- EXERCISE OBJECTIVE:
Transcribe the following records in full, exactly as shown.

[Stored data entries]
lemma cinner_cube_state:
  assumes "\<forall>j\<in>{1..d}. cmod (\<mu> j) = cmod (\<mu> (d+1+j))" and "x \<in> cube d"
  shows "cinner d (cube_state d \<mu> x) \<mu> = (\<Sum>j\<in>{1..d}. (cmod (\<mu> j))\<^sup>2)"
proof -
  have pair: "cube_state d \<mu> x j * cnj (\<mu> j) + cube_state d \<mu> x (d+1+j) * cnj (\<mu> (d+1+j))
      = (cmod (\<mu> j))\<^sup>2" if j: "j \<in> {1..d}" for j
  proof -
    have "x j = 0 \<or> x j = 1"
      using assms(2) j by (auto simp: cube_def)
    moreover have "\<mu> j * cnj (\<mu> j) = (cmod (\<mu> j))\<^sup>2"
      by (rule complex_norm_square[symmetric])
    moreover have "\<mu> (d+1+j) * cnj (\<mu> (d+1+j)) = (cmod (\<mu> j))\<^sup>2"
      using assms(1) j by (simp add: complex_norm_square[symmetric])
    ultimately show ?thesis
      using assms(2) j by (auto simp: cube_state_def)
  qed
  have "cinner d (cube_state d \<mu> x) \<mu> = (\<Sum>j\<in>{1..d}. cube_state d \<mu> x j * cnj (\<mu> j))
      + cube_state d \<mu> x (d+1) * cnj (\<mu> (d+1))
      + (\<Sum>j\<in>{1..d}. cube_state d \<mu> x (d+1+j) * cnj (\<mu> (d+1+j)))"
    unfolding cinner_def by (rule sum_components_split)
  also have "\<dots> = (\<Sum>j\<in>{1..d}. cube_state d \<mu> x j * cnj (\<mu> j)
      + cube_state d \<mu> x (d+1+j) * cnj (\<mu> (d+1+j)))"
    by (simp add: cube_state_def sum.distrib)
  also have "\<dots> = (\<Sum>j\<in>{1..d}. (cmod (\<mu> j))\<^sup>2)"
    unfolding of_real_sum by (rule sum.cong[OF refl], rule pair)
  finally show ?thesis .
qed

lemma sum_lower_components_half:
  fixes \<mu> :: "nat \<Rightarrow> complex"
  assumes "(\<Sum>k\<in>{1..2*d+1}. (cmod (\<mu> k))\<^sup>2) = 1"
    and "\<forall>j\<in>{1..d}. cmod (\<mu> j) = cmod (\<mu> (d+1+j))"
    and "\<mu> (d+1) = 0"
  shows "(\<Sum>j\<in>{1..d}. (cmod (\<mu> j))\<^sup>2) = 1/2"
proof -
  have "(\<Sum>j\<in>{1..d}. (cmod (\<mu> (d+1+j)))\<^sup>2) = (\<Sum>j\<in>{1..d}. (cmod (\<mu> j))\<^sup>2)"
    using assms(2) by (intro sum.cong) auto
  then show ?thesis
    using assms(1,3) unfolding sum_components_split[of "\<lambda>k. (cmod (\<mu> k))\<^sup>2"] by simp
qed

lemma coin_cube_state:
  assumes "\<forall>j\<in>{1..d}. cmod (\<mu> j) = cmod (\<mu> (d+1+j))"
    and "(\<Sum>j\<in>{1..d}. (cmod (\<mu> j))\<^sup>2) = 1/2"
  shows "coin d \<mu> (cube_state d \<mu> x) k =
    (if x \<in> cube d \<and> k \<in> {1..2*d+1} then \<mu> k - cube_state d \<mu> x k else 0)"
proof (cases "x \<in> cube d")
  case True
  have half: "cinner d (cube_state d \<mu> x) \<mu> = 1/2"
    unfolding cinner_cube_state[OF assms(1) True] assms(2) by simp
  show ?thesis
    unfolding coin_def half using True by simp
qed (simp add: coin_def cinner_def cube_state_def)

lemma Uop_cube_state:
  assumes "\<forall>j\<in>{1..d}. cmod (\<mu> j) = cmod (\<mu> (d+1+j))"
    and "(\<Sum>j\<in>{1..d}. (cmod (\<mu> j))\<^sup>2) = 1/2"
    and "\<mu> (d+1) = 0"
  shows "Uop d (S_lazy d) (P_lazy d) (coin d \<mu>) (cube_state d \<mu>) = (\<lambda>x k. 1 * cube_state d \<mu> x k)"
proof (intro ext)
  fix x k
  note coin_values = coin_cube_state[OF assms(1,2)]
  consider (lower) "k \<in> {1..d}" | (middle) "k = d+1" | (upper) j where "j \<in> {1..d}" "k = d+1+j"
    | (outside) "k \<notin> {1..2*d+1}"
    by (rule component_cases)
  then have "Uop d (S_lazy d) (P_lazy d) (coin d \<mu>) (cube_state d \<mu>) x k = cube_state d \<mu> x k"
  proof cases
    case lower
    have "coin d \<mu> (cube_state d \<mu> (x(k := x k - 1))) k
        = (if x(k := x k - 1) \<in> cube d \<and> x k - 1 \<noteq> 1 then \<mu> k else 0)"
      unfolding coin_values cube_state_lower[OF lower] using lower by auto
    also have "\<dots> = cube_state d \<mu> x k"
      unfolding cube_fun_upd_minus_one[OF lower] cube_state_lower[OF lower] ..
    finally show ?thesis
      using lower by (simp add: Uop_lazy_apply cube_state_outside_lattice)
  next
    case middle
    then show ?thesis
      using assms(3) cube_state_middle[of d \<mu> x] by (simp add: Uop_lazy_apply coin_values)
  next
    case upper
    have "coin d \<mu> (cube_state d \<mu> (x(j := x j + 1))) (d+1+j)
        = (if x(j := x j + 1) \<in> cube d \<and> x j + 1 \<noteq> 0 then \<mu> (d+1+j) else 0)"
      unfolding coin_values cube_state_upper[OF upper(1)] using upper(1) by auto
    also have "\<dots> = cube_state d \<mu> x (d+1+j)"
      unfolding cube_fun_upd_plus_one[OF upper(1)] cube_state_upper[OF upper(1)] ..
    finally show ?thesis
      using upper by (simp add: Uop_lazy_apply cube_state_outside_lattice)
  next
    case outside
    then have "cube_state d \<mu> x k = 0"
      by (auto simp: cube_state_def)
    with outside show ?thesis
      by (auto simp: Uop_lazy_apply)
  qed
  then show "Uop d (S_lazy d) (P_lazy d) (coin d \<mu>) (cube_state d \<mu>) x k = 1 * cube_state d \<mu> x k"
    by simp
qed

- WORKED SOLUTION:
lemma cinner_cube_state:
  assumes "\<forall>j\<in>{1..d}. cmod (\<mu> j) = cmod (\<mu> (d+1+j))" and "x \<in> cube d"
  shows "cinner d (cube_state d \<mu> x) \<mu> = (\<Sum>j\<in>{1..d}. (cmod (\<mu> j))\<^sup>2)"
proof -
  have pair: "cube_state d \<mu> x j * cnj (\<mu> j) + cube_state d \<mu> x (d+1+j) * cnj (\<mu> (d+1+j))
      = (cmod (\<mu> j))\<^sup>2" if j: "j \<in> {1..d}" for j
  proof -
    have "x j = 0 \<or> x j = 1"
      using assms(2) j by (auto simp: cube_def)
    moreover have "\<mu> j * cnj (\<mu> j) = (cmod (\<mu> j))\<^sup>2"
      by (rule complex_norm_square[symmetric])
    moreover have "\<mu> (d+1+j) * cnj (\<mu> (d+1+j)) = (cmod (\<mu> j))\<^sup>2"
      using assms(1) j by (simp add: complex_norm_square[symmetric])
    ultimately show ?thesis
      using assms(2) j by (auto simp: cube_state_def)
  qed
  have "cinner d (cube_state d \<mu> x) \<mu> = (\<Sum>j\<in>{1..d}. cube_state d \<mu> x j * cnj (\<mu> j))
      + cube_state d \<mu> x (d+1) * cnj (\<mu> (d+1))
      + (\<Sum>j\<in>{1..d}. cube_state d \<mu> x (d+1+j) * cnj (\<mu> (d+1+j)))"
    unfolding cinner_def by (rule sum_components_split)
  also have "\<dots> = (\<Sum>j\<in>{1..d}. cube_state d \<mu> x j * cnj (\<mu> j)
      + cube_state d \<mu> x (d+1+j) * cnj (\<mu> (d+1+j)))"
    by (simp add: cube_state_def sum.distrib)
  also have "\<dots> = (\<Sum>j\<in>{1..d}. (cmod (\<mu> j))\<^sup>2)"
    unfolding of_real_sum by (rule sum.cong[OF refl], rule pair)
  finally show ?thesis .
qed

lemma sum_lower_components_half:
  fixes \<mu> :: "nat \<Rightarrow> complex"
  assumes "(\<Sum>k\<in>{1..2*d+1}. (cmod (\<mu> k))\<^sup>2) = 1"
    and "\<forall>j\<in>{1..d}. cmod (\<mu> j) = cmod (\<mu> (d+1+j))"
    and "\<mu> (d+1) = 0"
  shows "(\<Sum>j\<in>{1..d}. (cmod (\<mu> j))\<^sup>2) = 1/2"
proof -
  have "(\<Sum>j\<in>{1..d}. (cmod (\<mu> (d+1+j)))\<^sup>2) = (\<Sum>j\<in>{1..d}. (cmod (\<mu> j))\<^sup>2)"
    using assms(2) by (intro sum.cong) auto
  then show ?thesis
    using assms(1,3) unfolding sum_components_split[of "\<lambda>k. (cmod (\<mu> k))\<^sup>2"] by simp
qed

lemma coin_cube_state:
  assumes "\<forall>j\<in>{1..d}. cmod (\<mu> j) = cmod (\<mu> (d+1+j))"
    and "(\<Sum>j\<in>{1..d}. (cmod (\<mu> j))\<^sup>2) = 1/2"
  shows "coin d \<mu> (cube_state d \<mu> x) k =
    (if x \<in> cube d \<and> k \<in> {1..2*d+1} then \<mu> k - cube_state d \<mu> x k else 0)"
proof (cases "x \<in> cube d")
  case True
  have half: "cinner d (cube_state d \<mu> x) \<mu> = 1/2"
    unfolding cinner_cube_state[OF assms(1) True] assms(2) by simp
  show ?thesis
    unfolding coin_def half using True by simp
qed (simp add: coin_def cinner_def cube_state_def)

lemma Uop_cube_state:
  assumes "\<forall>j\<in>{1..d}. cmod (\<mu> j) = cmod (\<mu> (d+1+j))"
    and "(\<Sum>j\<in>{1..d}. (cmod (\<mu> j))\<^sup>2) = 1/2"
    and "\<mu> (d+1) = 0"
  shows "Uop d (S_lazy d) (P_lazy d) (coin d \<mu>) (cube_state d \<mu>) = (\<lambda>x k. 1 * cube_state d \<mu> x k)"
proof (intro ext)
  fix x k
  note coin_values = coin_cube_state[OF assms(1,2)]
  consider (lower) "k \<in> {1..d}" | (middle) "k = d+1" | (upper) j where "j \<in> {1..d}" "k = d+1+j"
    | (outside) "k \<notin> {1..2*d+1}"
    by (rule component_cases)
  then have "Uop d (S_lazy d) (P_lazy d) (coin d \<mu>) (cube_state d \<mu>) x k = cube_state d \<mu> x k"
  proof cases
    case lower
    have "coin d \<mu> (cube_state d \<mu> (x(k := x k - 1))) k
        = (if x(k := x k - 1) \<in> cube d \<and> x k - 1 \<noteq> 1 then \<mu> k else 0)"
      unfolding coin_values cube_state_lower[OF lower] using lower by auto
    also have "\<dots> = cube_state d \<mu> x k"
      unfolding cube_fun_upd_minus_one[OF lower] cube_state_lower[OF lower] ..
    finally show ?thesis
      using lower by (simp add: Uop_lazy_apply cube_state_outside_lattice)
  next
    case middle
    then show ?thesis
      using assms(3) cube_state_middle[of d \<mu> x] by (simp add: Uop_lazy_apply coin_values)
  next
    case upper
    have "coin d \<mu> (cube_state d \<mu> (x(j := x j + 1))) (d+1+j)
        = (if x(j := x j + 1) \<in> cube d \<and> x j + 1 \<noteq> 0 then \<mu> (d+1+j) else 0)"
      unfolding coin_values cube_state_upper[OF upper(1)] using upper(1) by auto
    also have "\<dots> = cube_state d \<mu> x (d+1+j)"
      unfolding cube_fun_upd_plus_one[OF upper(1)] cube_state_upper[OF upper(1)] ..
    finally show ?thesis
      using upper by (simp add: Uop_lazy_apply cube_state_outside_lattice)
  next
    case outside
    then have "cube_state d \<mu> x k = 0"
      by (auto simp: cube_state_def)
    with outside show ?thesis
      by (auto simp: Uop_lazy_apply)
  qed
  then show "Uop d (S_lazy d) (P_lazy d) (coin d \<mu>) (cube_state d \<mu>) x k = 1 * cube_state d \<mu> x k"
    by simp
qed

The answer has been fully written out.